The study suggests this little-known behavior may help bees survive encounters with water while foraging.

Headshot of Zachary Huang.
Zachary Huang is an associate professor at MSU's College of Agriculture and Natural Resources.

“We found that bees don’t just move randomly when they’re on water,” said Zachary Huang, associate professor in the MSU Department of Entomology and co-author of the study. “They actually orient toward darker areas, which probably represent land, vegetation or the edge of a pool. That behavior increases their chance of getting out.”

To test this behavior, researchers placed individual bees in a shallow bowl of water with a dark section along the edge. Most bees consistently moved toward the dark area rather than randomly around the bowl, showing a clear directional preference known as skototaxis, which is the tendency to move toward darker visual cues.

“Swimming toward those cues may help bees find a place to climb out and dry their wings so they can fly again,” Huang said.

The researchers also tested whether exposure to thiamethoxam, a commonly used insecticide, affected bees’ ability to navigate while on the water.

Bees exposed to the insecticide no longer showed a preference for dark areas. Instead, they moved randomly around the water surface and took longer routes to reach the edge.

Further analysis showed the exposed bees made significantly more turns while moving across the water, suggesting reduced motor control rather than a loss of visual orientation.

“These bees eventually reached the edge, but not toward the dark section and their movement was much less efficient,” Huang said. “The results suggest insecticides may interfere with the motor coordination needed for this behavior.”

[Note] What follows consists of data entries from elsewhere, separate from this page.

lemma AE_iff_eventually_of_summable_sym_diff:
  assumes "finite_measure M" and "A \<in> sets M" and "\<And>j. C j \<in> sets M"
    and "summable (\<lambda>j. measure M (sym_diff A (C j)))"
  shows "AE p in M. p \<in> A \<longleftrightarrow> eventually (\<lambda>j. p \<in> C j) sequentially"
proof -
  interpret finite_measure M by fact
  have "AE p in M. eventually (\<lambda>j. p \<in> space M - sym_diff A (C j)) sequentially"
    using assms(2-4) by (intro borel_cantelli_AE1) (auto simp: less_top[symmetric])
  then show ?thesis
  proof eventually_elim
    case (elim p)
    then have agree: "eventually (\<lambda>j. p \<in> C j \<longleftrightarrow> p \<in> A) sequentially"
      by (rule eventually_mono) blast
    show ?case
    proof (cases "p \<in> A")
      case True
      with agree show ?thesis by simp
    next
      case False
      with agree have "eventually (\<lambda>j. p \<notin> C j) sequentially"
        by simp
      then have "\<not> eventually (\<lambda>j. p \<in> C j) sequentially"
        using eventually_False_sequentially eventually_elim2 by blast
      with False show ?thesis by simp
    qed
  qed
qed

lemma AE_iff_eventually_funpow:
  assumes "invariant_measure M T" and "T -` A \<inter> space M = A"
    and "AE p in M. p \<in> A \<longleftrightarrow> p \<in> E"
  shows "AE p in M. p \<in> A \<longleftrightarrow> eventually (\<lambda>n. (T ^^ n) p \<in> E) sequentially"
proof -
  have "AE p in M. \<forall>n. (T ^^ n) p \<in> A \<longleftrightarrow> (T ^^ n) p \<in> E"
    unfolding AE_all_countable
    using AE_comp_invariant_measure[OF invariant_measure_funpow[OF assms(1)] assms(3)] by blast
  with AE_space show ?thesis
  proof eventually_elim
    case (elim p)
    then have "(T ^^ n) p \<in> E \<longleftrightarrow> p \<in> A" for n
      using invariant_set_funpow_iff[OF assms(1,2), of p n] by blast
    then show ?case by simp
  qed
qed

lemma vimage_eventually_funpow:
  "S -` {x. eventually (\<lambda>n. (S ^^ n) x \<in> B) sequentially} = {x. eventually (\<lambda>n. (S ^^ n) x \<in> B) sequentially}"
proof -
  have "(S ^^ n) (S x) = (S ^^ Suc n) x" for n x
    by (simp only: funpow_Suc_right comp_apply)
  then have "eventually (\<lambda>n. (S ^^ n) (S x) \<in> B) sequentially \<longleftrightarrow> eventually (\<lambda>n. (S ^^ n) x \<in> B) sequentially"
    for x using eventually_sequentially_Suc[of "\<lambda>n. (S ^^ n) x \<in> B"] by simp
  then show ?thesis by auto
qed

section \<open>The skew product\<close>

lemma beta_shift_funpow: "(beta_shift ^^ n) \<sigma> = (\<lambda>k. \<sigma> (k + n))"
  by (induction n) (auto simp: beta_shift_def)

lemma fst_skew: "fst (skew \<omega> p) = beta_shift (fst p)"
  and snd_skew: "snd (skew \<omega> p) = \<omega> (fst p 0) (snd p)"
  by (simp_all add: skew_def)

lemma fst_skew_funpow: "fst ((skew \<omega> ^^ n) p) = (beta_shift ^^ n) (fst p)"
  by (induction n) (simp_all add: fst_skew)

lemma snd_skew_funpow: "snd ((skew \<omega> ^^ n) p) = comp_iter \<omega> (fst p) n (snd p)"
  by (induction n) (simp_all add: snd_skew fst_skew_funpow beta_shift_funpow)

lemma continuous_on_beta_shift: "continuous_on UNIV (beta_shift :: (nat \<Rightarrow> 'l::topological_space) \<Rightarrow> _)"
  unfolding beta_shift_def[abs_def]
  by (intro continuous_on_coordinatewise_then_product continuous_on_product_coordinates)

lemma continuous_on_skew:
  fixes \<omega> :: "'l::topological_space \<Rightarrow> 'x::topological_space \<Rightarrow> 'x"
  assumes "continuous_on UNIV (\<lambda>(l, x). \<omega> l x)"
  shows "continuous_on UNIV (skew \<omega>)"
proof -
  have coord: "continuous_on UNIV (\<lambda>p::(nat \<Rightarrow> 'l) \<times> 'x. fst p i)" for i
    using continuous_on_compose2[OF continuous_on_product_coordinates continuous_on_fst[OF continuous_on_id]]
    by auto
  have "continuous_on UNIV (\<lambda>p::(nat \<Rightarrow> 'l) \<times> 'x. (\<lambda>(l, x). \<omega> l x) (fst p 0, snd p))"
    by (rule continuous_on_compose2[OF assms]) (intro continuous_on_Pair coord continuous_on_snd continuous_on_id, simp)
  moreover have "continuous_on UNIV (\<lambda>p::(nat \<Rightarrow> 'l) \<times> 'x. beta_shift (fst p))"
    by (rule continuous_on_compose2[OF continuous_on_beta_shift continuous_on_fst[OF continuous_on_id]]) auto
  ultimately show ?thesis
    unfolding skew_def[abs_def] using continuous_on_Pair by fastforce
qed

lemma continuous_on_funpow:
  fixes f :: "'a::topological_space \<Rightarrow> 'a"
  assumes "continuous_on UNIV f"
  shows "continuous_on UNIV (f ^^ n)"
proof (induction n)
  case (Suc n)
  have "continuous_on UNIV (f \<circ> f ^^ n)"
    using Suc by (rule continuous_on_compose) (rule continuous_on_subset[OF assms], simp)
  then show ?case
    by simp
qed (simp add: continuous_on_id')

lemma continuous_on_orbit_average:
  assumes "continuous_on UNIV T" and "continuous_on UNIV g"
  shows "continuous_on UNIV (orbit_average T g N)"
  unfolding orbit_average_def[abs_def] divide_inverse
  by (intro continuous_intros continuous_on_compose2[OF assms(2) continuous_on_funpow[OF assms(1)]]) auto

lemma dist_skew_funpow_fiber_le:
  assumes "bounded (UNIV :: 'x::metric_space set)"
  shows "dist ((skew \<omega> ^^ n) (\<sigma>, x)) ((skew \<omega> ^^ n) (\<sigma>, y :: 'x))
    \<le> diameter (range (comp_iter \<omega> \<sigma> n))"
proof -
  have "(skew \<omega> ^^ n) (\<sigma>, z) = ((beta_shift ^^ n) \<sigma>, comp_iter \<omega> \<sigma> n z)" for z
    by (simp add: prod_eq_iff fst_skew_funpow snd_skew_funpow)
  then have "dist ((skew \<omega> ^^ n) (\<sigma>, x)) ((skew \<omega> ^^ n) (\<sigma>, y))
      = dist (comp_iter \<omega> \<sigma> n x) (comp_iter \<omega> \<sigma> n y)"
    by (simp add: dist_Pair_Pair)
  also have "\<dots> \<le> diameter (range (comp_iter \<omega> \<sigma> n))"
    by (rule diameter_bounded_bound) (auto intro: bounded_subset[OF assms])
  finally show ?thesis .
qed

lemma orbit_average_skew_fiber_diff_le:
  assumes "bounded (UNIV :: 'x::metric_space set)" and "L-lipschitz_on UNIV g"
  shows "\<bar>orbit_average (skew \<omega>) g N (\<sigma>, x) - orbit_average (skew \<omega>) g N (\<sigma>, y :: 'x)\<bar>
    \<le> L * (1 / real N * (\<Sum>i=1..N. diameter (range (comp_iter \<omega> \<sigma> i))))"
proof -
  have "\<bar>orbit_average (skew \<omega>) g N (\<sigma>, x) - orbit_average (skew \<omega>) g N (\<sigma>, y)\<bar>
      = \<bar>\<Sum>n=1..N. g ((skew \<omega> ^^ n) (\<sigma>, x)) - g ((skew \<omega> ^^ n) (\<sigma>, y))\<bar> / real N"
    by (simp add: orbit_average_def sum_subtractf diff_divide_distrib[symmetric])
  also have "\<dots> \<le> (\<Sum>n=1..N. \<bar>g ((skew \<omega> ^^ n) (\<sigma>, x)) - g ((skew \<omega> ^^ n) (\<sigma>, y))\<bar>) / real N"
    by (intro divide_right_mono sum_abs) auto
  also have "\<dots> \<le> (\<Sum>n=1..N. L * diameter (range (comp_iter \<omega> \<sigma> n))) / real N"
  proof (intro divide_right_mono sum_mono)
    fix n
    have "\<bar>g ((skew \<omega> ^^ n) (\<sigma>, x)) - g ((skew \<omega> ^^ n) (\<sigma>, y))\<bar>
        \<le> L * dist ((skew \<omega> ^^ n) (\<sigma>, x)) ((skew \<omega> ^^ n) (\<sigma>, y))"
      using lipschitz_onD[OF assms(2)] by (simp add: dist_real_def)
    also have "\<dots> \<le> L * diameter (range (comp_iter \<omega> \<sigma> n))"
      using dist_skew_funpow_fiber_le[OF assms(1)] lipschitz_on_nonneg[OF assms(2)]
      by (rule mult_left_mono)
    finally show "\<bar>g ((skew \<omega> ^^ n) (\<sigma>, x)) - g ((skew \<omega> ^^ n) (\<sigma>, y))\<bar>
        \<le> L * diameter (range (comp_iter \<omega> \<sigma> n))" .
  qed simp
  also have "\<dots> = L * (1 / real N * (\<Sum>i=1..N. diameter (range (comp_iter \<omega> \<sigma> i))))"
    by (simp add: sum_distrib_left sum_divide_distrib)
  finally show ?thesis .
qed

lemma AE_in_set_of_emeasure_distr_eq_1:
  assumes "prob_space M" and "f \<in> M \<rightarrow>\<^sub>M N" and "B \<in> sets N"
    and "emeasure (distr M N f) B = 1"
  shows "AE p in M. f p \<in> B"
proof -
  interpret prob_space M by fact
  have "f -` B \<inter> space M \<in> events"
    using measurable_sets[OF assms(2,3)] .
  moreover have "prob (f -` B \<inter> space M) = 1"
    using assms(4) emeasure_distr[OF assms(2,3)] by (simp add: emeasure_eq_measure)
  ultimately have "AE p in M. p \<in> f -` B \<inter> space M"
    using AE_in_set_eq_1 by blast
  then show ?thesis
    by auto
qed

The study also examined mason bees, a solitary bee species. Both male and female mason bees showed an even stronger preference for dark areas than honeybees, and female mason bees reached the edge faster and traveled shorter distances.

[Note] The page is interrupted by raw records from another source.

(* Consider two groups of binary agents and the round-robin procedure in which, while goods remain, group $1$ picks one remaining good and then group $2$ picks one remaining good. Then: (a) group $1$ has a picking strategy such that, whatever goods group $2$ picks, the final allocation is envy-free for at least half of the agents of group $1$; (b) group $2$ has a picking strategy such that, whatever goods group $1$ picks, the final allocation is EF1 (equivalently, MMS-fair) for at least half of the agents of group $2$.
   Context: There is a finite set $G$ of goods and two groups $A_1,A_2$ of agents. A binary agent has an additive utility with $u_a(\{g\})\in\{0,1\}$. The round-robin procedure produces a partition $(G_1,G_2)$ of $G$, $G_i$ being the goods picked by group $i$; agents of $A_i$ get $u_a(G_i)$. For $a\in A_i$ the allocation is envy-free for $a$ if $u_a(G_i)\ge u_a(G_{3-i})$, and EF1 for $a$ if there is $C\subseteq G_{3-i}$, $|C|\le1$, with $u_a(G_i)\ge u_a(G_{3-i}\setminus C)$. It is MMS-fair for $a$ if $u_a(G_i)\ge\max\min(u_a(P_1),u_a(P_2))$ over all partitions $(P_1,P_2)$ of $G$. *)

theory Defs
  imports Main
begin

definition uset :: "('a \<Rightarrow> 'g \<Rightarrow> nat) \<Rightarrow> 'a \<Rightarrow> 'g set \<Rightarrow> nat" where
  "uset u a S = (\<Sum>g\<in>S. u a g)"

definition binary_agents :: "('a \<Rightarrow> 'g \<Rightarrow> nat) \<Rightarrow> 'a set \<Rightarrow> bool" where
  "binary_agents u A \<longleftrightarrow> (\<forall>a\<in>A. \<forall>g. u a g \<le> 1)"

text \<open>A play of the round-robin procedure is a list of the picked goods in order;
  positions 0,2,4,... are picks of group 1 and positions 1,3,5,... of group 2.
  A complete play picks every good exactly once.\<close>
definition complete_play :: "'g set \<Rightarrow> 'g list \<Rightarrow> bool" where
  "complete_play G p \<longleftrightarrow> distinct p \<and> set p = G"

definition picked_by1 :: "'g list \<Rightarrow> 'g set" where
  "picked_by1 p = {p ! i | i. i < length p \<and> even i}"

definition picked_by2 :: "'g list \<Rightarrow> 'g set" where
  "picked_by2 p = {p ! i | i. i < length p \<and> odd i}"

text \<open>A strategy of group 1 acts on histories of even length, one of group 2 on histories of odd
  length; it is valid if it always picks a remaining good.\<close>
definition valid_strategy :: "'g set \<Rightarrow> (nat \<Rightarrow> bool) \<Rightarrow> ('g list \<Rightarrow> 'g) \<Rightarrow> bool" where
  "valid_strategy G turn s \<longleftrightarrow>
     (\<forall>h. distinct h \<and> set h \<subset> G \<and> turn (length h) \<longrightarrow> s h \<in> G - set h)"

definition follows :: "(nat \<Rightarrow> bool) \<Rightarrow> ('g list \<Rightarrow> 'g) \<Rightarrow> 'g list \<Rightarrow> bool" where
  "follows turn s p \<longleftrightarrow> (\<forall>i < length p. turn i \<longrightarrow> p ! i = s (take i p))"

definition envy_free_for :: "('a \<Rightarrow> 'g \<Rightarrow> nat) \<Rightarrow> 'a \<Rightarrow> 'g set \<Rightarrow> 'g set \<Rightarrow> bool" where
  "envy_free_for u a Own Other \<longleftrightarrow> uset u a Own \<ge> uset u a Other"

definition EF1_for :: "('a \<Rightarrow> 'g \<Rightarrow> nat) \<Rightarrow> 'a \<Rightarrow> 'g set \<Rightarrow> 'g set \<Rightarrow> bool" where
  "EF1_for u a Own Other \<longleftrightarrow>
     (\<exists>C. C \<subseteq> Other \<and> card C \<le> 1 \<and> uset u a Own \<ge> uset u a (Other - C))"

definition MMS_value :: "('a \<Rightarrow> 'g \<Rightarrow> nat) \<Rightarrow> 'a \<Rightarrow> 'g set \<Rightarrow> nat" where
  "MMS_value u a G = Max {min (uset u a P1) (uset u a P2) | P1 P2. P1 \<union> P2 = G \<and> P1 \<inter> P2 = {}}"

definition MMS_fair_for :: "('a \<Rightarrow> 'g \<Rightarrow> nat) \<Rightarrow> 'a \<Rightarrow> 'g set \<Rightarrow> 'g set \<Rightarrow> bool" where
  "MMS_fair_for u a G Own \<longleftrightarrow> uset u a Own \<ge> MMS_value u a G"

The findings suggest the ability to move across water and orient toward darker escape routes may have evolved before bees developed complex societies.

In the wild, bees encounter water more often than people might expect. Some collect water to help regulate hive temperature, while others may accidentally land on water while flying over lakes, ponds or irrigation systems.

The ability to propel themselves toward the shoreline could help these bees survive these encounters.

“Even though only a small fraction of workers collect water, the ability to escape when they fall in could still benefit the colony,” Huang said.

The researchers say the work also highlights how pesticides can affect new bee behaviors that are not studied.

“Most pesticide research focuses on foraging or learning,” Huang said. “But bees perform many behaviors in the real world that we don’t often measure. This study shows that even something unusual like swimming can be disrupted.”

This study was recently published in Communications Biology with co-authors Fang Liu and Wenfeng Li of the Institute of Zoology at the Guangdong Academy of Sciences.